He’s right, of course, it’s a parable, and it’s about God’s Kingdom.
The parable right before this one, is the Ten Bridesmaids, and the point is to be watchful.
This one, is different, it’s about being productive with whatever we’ve been given.
Notice that nowhere does He condemn money. How could he? He’s the one giving them the talents.
So what is wrong with saying that one of the ways to faithfully obey the parable is by managing our wealth wisely?
Naturally I was perplexed why he got uneasy about it.
For a splash of background info, in the past this same brother and I did have theological differences. I always thought it’s fun to have differences and felt no annoyance. Well…a tiny bit…just to be COMPLETEly honest. But i was quickly reminded that it’s better to lose the argument and win the relationship.
This time is no different, I just nodded in agreement.

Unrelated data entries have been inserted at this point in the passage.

text \<open>Suppose \<open>\<pi>\<^sub>x(\<alpha>) \<noteq> \<pi>\<^sub>x(\<beta>)\<close> for all \<open>x \<in> (0,1)\<close>, and let \<open>Y = Omega_open \<alpha> \<beta>\<close> be the set of
  sequences whose orbit avoids the open lexicographic interval \<open>(\<alpha>,\<beta>)\<close>; it is shift-invariant
  and contains \<open>\<Omega>(\<alpha>,\<beta>)\<close>, \<open>\<alpha>\<close> and \<open>\<beta>\<close>. For \<open>x \<le> 1/2\<close> every \<open>\<pi>\<^sub>x\<close> is lexicographically
  monotone. If \<open>\<pi>\<^sub>x\<close> is monotone on \<open>Y\<close>, then where two sequences of \<open>Y\<close> first differ, the tail
  beginning with \<open>1\<close> lies above \<open>\<beta>\<close> and the one beginning with \<open>0\<close> below \<open>\<alpha>\<close>, so their projections
  differ by at least \<open>x\<^sup>n (\<pi>\<^sub>x(\<beta>) - \<pi>\<^sub>x(\<alpha>)) > 0\<close>. This gap and the equicontinuity of
  \<open>x \<mapsto> \<pi>\<^sub>x\<close> make the set of \<open>x \<in> (0,1)\<close> where \<open>\<pi>\<^sub>x\<close> is monotone on \<open>Y\<close> open; its complement is
  open as well, so it is all of \<open>(0,1)\<close>. The gap then separates the prefixes of length \<open>n + 1\<close>
  of \<open>Y\<close>, so there are \<open>O(x\<^sup>-\<^sup>n)\<close> of them and \<open>h(\<Omega>(\<alpha>,\<beta>)) \<le> -ln x\<close> for every \<open>x < 1\<close>,
  contradicting non-nullness.\<close>

lemma shift_pow_apply: "(shift ^^ n) \<omega> k = \<omega> (k + n)"
  by (induction n arbitrary: k) (auto simp: shift_def)

lemma Omega_shift_pow: "\<omega> \<in> Omega \<Longrightarrow> (shift ^^ n) \<omega> \<in> Omega"
  by (simp add: Omega_def shift_pow_apply)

The danger, though, with spiritualising the whole parable is that it gives people excuse to be financially careless.
“Oh it’s about God’s Kingdom! How dare you twist God’s words and tell me what I do with my money!”
When the time of reckoning comes, he’s the one on the losing end.

In the world of ISIS and other attacks on Christian faith, we need to stand together with ALL brothers and sisters, regardless of theological agreements.
A Philippino sister (a “pinay” they say) said she admired the culture in Indonesia where all Christians and Catholics live harmoniously. I said, how could we not? In the biggest muslim country in the world (thank God it’s a moderate one), how could we not gather all the help we need?
So, as I said, I nodded in agreement. Even with no ISIS around.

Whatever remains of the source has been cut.